[Stored data]

◇ ◇ ◇ ◇

(* Let $X$ be a Banach space, let $A:\mathrm{D}(A)\subseteq X\to X$ be a sectorial operator (with constants $a\in\mathbb R$, $\phi\in(\pi/2,\pi)$, $K>0$ as in the context) generating the analytic semigroup $(T_t)_{t\ge 0}\subset L(X)$, and let $B:\mathrm{D}(B)\to X$ be a closed linear operator with $\mathrm{D}(A)\subseteq \mathrm{D}(B)$ and $B\,\mathrm{D}(A)\subseteq\mathrm{D}(A)$. Assume that the generalized nested commutators $\{B,A^m\}$ (defined in the context) are defined for all $m\in\mathbb Z_+$, that $\{B,A^m\}\mathrm{D}(A)\subseteq\mathrm{D}(A)$ for all $m\in\mathbb Z_+$, and that there exist constants $\eta>0$, $K_1>0$ such that $$\|\{B,A^{m}\}R_{A}(\lambda)\|_{L(X)}\le\frac{K_1\eta^m}{|\lambda-a|}\quad\text{for all } m\in\mathbb Z_+,\ \lambda\in\Sigma_{a,\phi}.$$ Then for every $t>0$ and every $x\in\mathrm{D}(A)$ the series below converges in $X$ and $$BT_tx=T_t\sum_{m=0}^{\infty}\frac{t^m}{m!}\{B,A^m\}x .$$
   Context: $\mathbb Z_+$ denotes the non-negative integers; $L(X)$ the bounded linear operators on $X$; $R_A(\lambda)=(\lambda\,\mathrm{id}-A)^{-1}$ the resolvent and $\rho(A)$ the resolvent set. A closed densely defined operator $A$ is sectorial if for some $a\in\mathbb R$, $\phi\in(\pi/2,\pi)$ the sector $\Sigma_{a,\phi}:=\{\lambda\in\mathbb C\setminus\{a\}: |\arg(\lambda-a)|<\phi\}$ is contained in $\rho(A)$ and there is $K>0$ with $\|R_A(\lambda)\|\le K/|\lambda-a|$ for all $\lambda\in\Sigma_{a,\phi}$; such $A$ generates an analytic semigroup $(T_t)$. Generalized nested commutators are defined inductively: $\{B,A^0\}:=B$. If a linear operator $\{B,A^m\}$ with domain $\mathrm{D}(\{B,A^m\})\supseteq \mathrm{D}(A)$ is defined, set $\widehat{\mathrm D}:=\{x\in \mathrm{D}(A)\cap\mathrm{D}(\{B,A^m\}) : Ax\in\mathrm{D}(\{B,A^m\}),\ \{B,A^m\}x\in\mathrm{D}(A)\}$; it is required that $\widehat{\mathrm D}\supseteq\mathrm{D}(A)$ and that the operator $\widehat{\mathrm D}\ni x\mapsto \{B,A^m\}Ax-A\{B,A^m\}x$ be closable; its closure is $\{B,A^{m+1}\}$. "$\{B,A^m\}$ is defined for all $m$" means these requirements hold at every step. For bounded operators this reduces to $\{D,C^{m+1}\}=[\{D,C^m\},C]$ with $[D,C]=DC-CD$. *)

theory Defs
  imports "HOL-Analysis.Analysis"
begin

class complex_banach = banach +
  fixes scaleC :: "complex \<Rightarrow> 'a \<Rightarrow> 'a" (infixr \<open>*\<^sub>C\<close> 75)
  assumes scaleC_of_real: "scaleC (of_real r) x = scaleR r x"
    and scaleC_add_right: "scaleC c (x + y) = scaleC c x + scaleC c y"
    and scaleC_add_left: "scaleC (c + d) x = scaleC c x + scaleC d x"
    and scaleC_scaleC: "scaleC c (scaleC d x) = scaleC (c * d) x"
    and scaleC_one: "scaleC 1 x = x"
    and norm_scaleC: "norm (scaleC c x) = cmod c * norm x"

◇ ◇ ◇ ◇

### YOUR INSTRUCTIONS
From the line that has "theory Defs" through the line that has "c (scaleC d", copy every line exactly as it appears above, and leave out all others.

### RESPONSE TO THE EXERCISE
theory Defs
  imports "HOL-Analysis.Analysis"
begin

class complex_banach = banach +
  fixes scaleC :: "complex \<Rightarrow> 'a \<Rightarrow> 'a" (infixr \<open>*\<^sub>C\<close> 75)
  assumes scaleC_of_real: "scaleC (of_real r) x = scaleR r x"
    and scaleC_add_right: "scaleC c (x + y) = scaleC c x + scaleC c y"
    and scaleC_add_left: "scaleC (c + d) x = scaleC c x + scaleC d x"
    and scaleC_scaleC: "scaleC c (scaleC d x) = scaleC (c * d) x"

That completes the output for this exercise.